This piece provides an apt illustration of the phenomenon that one can find in nearly every culture, in every era, a group of people who firmly believe that their civilization once experienced a golden age in which social conditions were much better (if not perfect), and modern society is an increasingly worsening corruption of that arcadian past. The trend continues today, as we commonly see responses to social, political, or economic issues that attempt to contrast the present with earlier eras, to hearken back to times when such problems were significantly amerliorated or simply did not exist.
Generally such reactions don't ring true, referring not to the way things really used to be, but to idealized, mythical visions of the past couched in absolute terms. So it is with this letter, which attempts to contrast the "modern immigrant" with immigrants of a century ago, finding the former sadly lacking by comparison. As usual, it references a black-and-white past that never existed. Yes, many of the immigrants who streamed through Ellis Island into the United States around the turn of the century worked hard, obeyed the laws, did their best to learn English (and otherwise become assimiliated into American culture), raised children who willingly took up arms to defend their adoptive country in times of crisis, and made their way in the world (and perhaps even prospered) with little or no help from the government or anyone outside their immediate families and circles of acquaintances.

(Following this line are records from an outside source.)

(* Let $H$ be a graded, connected, free and cofree Hopf algebra over $K$, with $\mathfrak g=\mathrm{Prim}(H)$. Then for all $n\ge1$, $\dim(\mathfrak g_n)=\dim\big(\big(\frac{H^+}{H^{+2}}\big)_n\big)$.
   Context: $K$ is a commutative field of characteristic $\neq2$. A graded connected Hopf algebra is a Hopf algebra $H=\bigoplus_{n\ge0}H_n$ over $K$ with homogeneous structure maps, $H_0=K$ and every $H_n$ finite-dimensional. $H^+=\bigoplus_{n\ge1}H_n$, $H^{+2}$ is the span of products of two elements of $H^+$, $\mathfrak g_n=\mathfrak g\cap H_n$. $H$ is free if there is a graded subspace $V$ with $T(V)\to H$ an algebra isomorphism; cofree if it is isomorphic as a graded coalgebra to $coT(W)$ ($T(W)$ with deconcatenation coproduct) for some graded $W$ with $W_0=0$. *)

theory Defs
  imports Complex_Main
begin

text \<open>
  Elements of tensor powers H (x) H and H (x) H (x) H are represented by finite lists of pairs
  (finite sums of elementary tensors). Two such lists represent the same element of H (x) H iff
  they agree on all pairs of linear functionals (over a field the pairing with H* x H* separates
  the points of H (x) H); this is the relation teq.
\<close>

definition lfun :: "('k::field \<Rightarrow> 'h::ab_group_add \<Rightarrow> 'h) \<Rightarrow> ('h \<Rightarrow> 'k) \<Rightarrow> bool" where
  "lfun scale f \<longleftrightarrow> (\<forall>x y. f (x + y) = f x + f y) \<and> (\<forall>c x. f (scale c x) = c * f x)"

definition tev :: "('h \<Rightarrow> 'k::field) \<Rightarrow> ('h \<Rightarrow> 'k) \<Rightarrow> ('h \<times> 'h) list \<Rightarrow> 'k" where
  "tev f g xs = (\<Sum>(x, y)\<leftarrow>xs. f x * g y)"

definition teq :: "('k::field \<Rightarrow> 'h::ab_group_add \<Rightarrow> 'h) \<Rightarrow> ('h \<times> 'h) list \<Rightarrow> ('h \<times> 'h) list \<Rightarrow> bool" where
  "teq scale xs ys \<longleftrightarrow>
     (\<forall>f g. lfun scale f \<longrightarrow> lfun scale g \<longrightarrow> tev f g xs = tev f g ys)"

However, plenty of immigrants in that same era did _not_ fit that mold, such as those who:
* Resorted to scams, petty theft, and all sorts of other crimes to get by, or simply resumed the same kinds of criminal activities they'd been perpetrating in their homelands, sometimes on large, organized scales (e.g., the Italian mafia, Chinese triads).
* Moved to enclaves or communities in which their original cultures and languages were preserved, obviating the need for them to ever assimiliate into the broader American culture or learn English. (If the immigrants of earlier eras "stirred the melting pot into one red, white and blue bowl," then who started all the ethnic enclaves, such as Little Germany and Chinatown , found in New York and many other American cities?) Their children (and future generations) were often left to learn English and assimilate as best they could on their own, driven by necessity rather than allegiance to American national ideals.
* Retained their original family names, or changed their names only reluctantly ? the latter not to "blend in with their new home," but to try to escape the prejudices, persecution, and violence typically visited upon members of various national, ethnic, and religious groups in the U.S. (e.g., Catholics, Jews, Irish, Italians).
* Declined to participate in fighting for the U.S. against their home countries in World War I (as did their children in World War II), or even left the U.S. to return home and fight for the other side. (And certainly many first-generation Americans of Japanese descent, who found themselves restricted to internment camps merely due to their ancestry, gave plenty of "thought about what country their parents had come from.")
* Disdained free lunches, welfare, and labor laws not because they were virtuous and prized self-sufficiency, but because those government programs did not yet exist, either for native-born American citizens or immigrants.
What this piece illustrates is not so much substantive differences between "old immigrants" and "new immigrants," but rather the truthfulness of the proverb "Plus ca change, plus c'est la meme chose."